STUDY MATERIAL:

⟨

lemma Lp_approx_cutoff_by_continuous:
  assumes p: "p > 0" and w: "w \<in> borel_measurable lebesgue" and \<delta>: "\<delta> > 0"
  obtains g where "continuous_on UNIV g" "\<And>x. cutoff2 L N x = 0 \<Longrightarrow> g x = 0"
    "set_integrable lebesgue (dom2 L) (\<lambda>x. \<bar>clip N (w x) * cutoff2 L N x - g x\<bar> powr p)"
    "(LINT x:dom2 L|lebesgue. \<bar>clip N (w x) * cutoff2 L N x - g x\<bar> powr p) < \<delta>"
proof -
  have clip_meas: "(\<lambda>x. clip N (w x)) \<in> borel_measurable lebesgue" using w unfolding clip_def by measurable
  have clip_bound: "\<bar>clip N (w x)\<bar> \<le> real N" for x by (simp add: abs_clip_le)
  obtain G where G: "\<And>n. continuous_on UNIV (G n)"
    and G_int: "\<And>n. set_integrable lebesgue (dom2 L) (\<lambda>x. \<bar>clip N (w x) - G n x\<bar> powr p)"
    and G_lim: "(\<lambda>n. LINT x:dom2 L|lebesgue. \<bar>clip N (w x) - G n x\<bar> powr p) \<longlonglongrightarrow> 0"
    using bounded_measurable_Lp_approx_continuous[OF p dom2_lmeasurable clip_meas clip_bound] by blast
  obtain n where approx: "(LINT x:dom2 L|lebesgue. \<bar>clip N (w x) - G n x\<bar> powr p) < \<delta>"
    using eventually_happens'[OF sequentially_bot order_tendstoD(2)[OF G_lim \<delta>]] by blast
  define g where "g x = G n x * cutoff2 L N x" for x
  have g: "continuous_on UNIV g"
    unfolding g_def[abs_def] by (intro continuous_intros G continuous_on_cutoff2)
  have close: "\<bar>clip N (w x) * cutoff2 L N x - g x\<bar> powr p \<le> \<bar>clip N (w x) - G n x\<bar> powr p" for x
  proof -
    have "\<bar>clip N (w x) * cutoff2 L N x - g x\<bar> = \<bar>clip N (w x) - G n x\<bar> * cutoff2 L N x"
      by (simp add: g_def abs_mult cutoff2_nonneg flip: left_diff_distrib)
    also have "\<dots> \<le> \<bar>clip N (w x) - G n x\<bar>"
      using cutoff2_le_one by (simp add: mult_left_le)
    finally show ?thesis using p by (simp add: powr_mono2)
  qed
  have [measurable]: "g \<in> borel_measurable lebesgue"
    by (rule continuous_imp_borel_measurable_lebesgue[OF g])
  have [measurable]: "cutoff2 L N \<in> borel_measurable lebesgue"
    by (rule continuous_imp_borel_measurable_lebesgue[OF continuous_on_cutoff2])
  have int: "set_integrable lebesgue (dom2 L) (\<lambda>x. \<bar>clip N (w x) * cutoff2 L N x - g x\<bar> powr p)"
  proof (rule set_integrable_bound[OF G_int])
    show "set_borel_measurable lebesgue (dom2 L) (\<lambda>x. \<bar>clip N (w x) * cutoff2 L N x - g x\<bar> powr p)"
      using w dom2_lmeasurable unfolding set_borel_measurable_def clip_def by measurable
  qed (use close in \<open>auto intro!: AE_I2\<close>)
  have "(LINT x:dom2 L|lebesgue. \<bar>clip N (w x) * cutoff2 L N x - g x\<bar> powr p)
          \<le> (LINT x:dom2 L|lebesgue. \<bar>clip N (w x) - G n x\<bar> powr p)"
    by (rule set_integral_mono[OF int G_int close])
  with approx have "(LINT x:dom2 L|lebesgue. \<bar>clip N (w x) * cutoff2 L N x - g x\<bar> powr p) < \<delta>"
    by linarith
  moreover have "g x = 0" if "cutoff2 L N x = 0" for x using that by (simp add: g_def)
  ultimately show ?thesis using that[OF g _ int] by blast
qed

⟩

PROBLEM TO SOLVE:
Restate, word for word and with nothing added, the lines from the first line of the listing through the one where "powr p) \<longlonglongrightarrow>" stands.

ANSWER TO THE PROBLEM:
lemma Lp_approx_cutoff_by_continuous:
  assumes p: "p > 0" and w: "w \<in> borel_measurable lebesgue" and \<delta>: "\<delta> > 0"
  obtains g where "continuous_on UNIV g" "\<And>x. cutoff2 L N x = 0 \<Longrightarrow> g x = 0"
    "set_integrable lebesgue (dom2 L) (\<lambda>x. \<bar>clip N (w x) * cutoff2 L N x - g x\<bar> powr p)"
    "(LINT x:dom2 L|lebesgue. \<bar>clip N (w x) * cutoff2 L N x - g x\<bar> powr p) < \<delta>"
proof -
  have clip_meas: "(\<lambda>x. clip N (w x)) \<in> borel_measurable lebesgue" using w unfolding clip_def by measurable
  have clip_bound: "\<bar>clip N (w x)\<bar> \<le> real N" for x by (simp add: abs_clip_le)
  obtain G where G: "\<And>n. continuous_on UNIV (G n)"
    and G_int: "\<And>n. set_integrable lebesgue (dom2 L) (\<lambda>x. \<bar>clip N (w x) - G n x\<bar> powr p)"
    and G_lim: "(\<lambda>n. LINT x:dom2 L|lebesgue. \<bar>clip N (w x) - G n x\<bar> powr p) \<longlonglongrightarrow> 0"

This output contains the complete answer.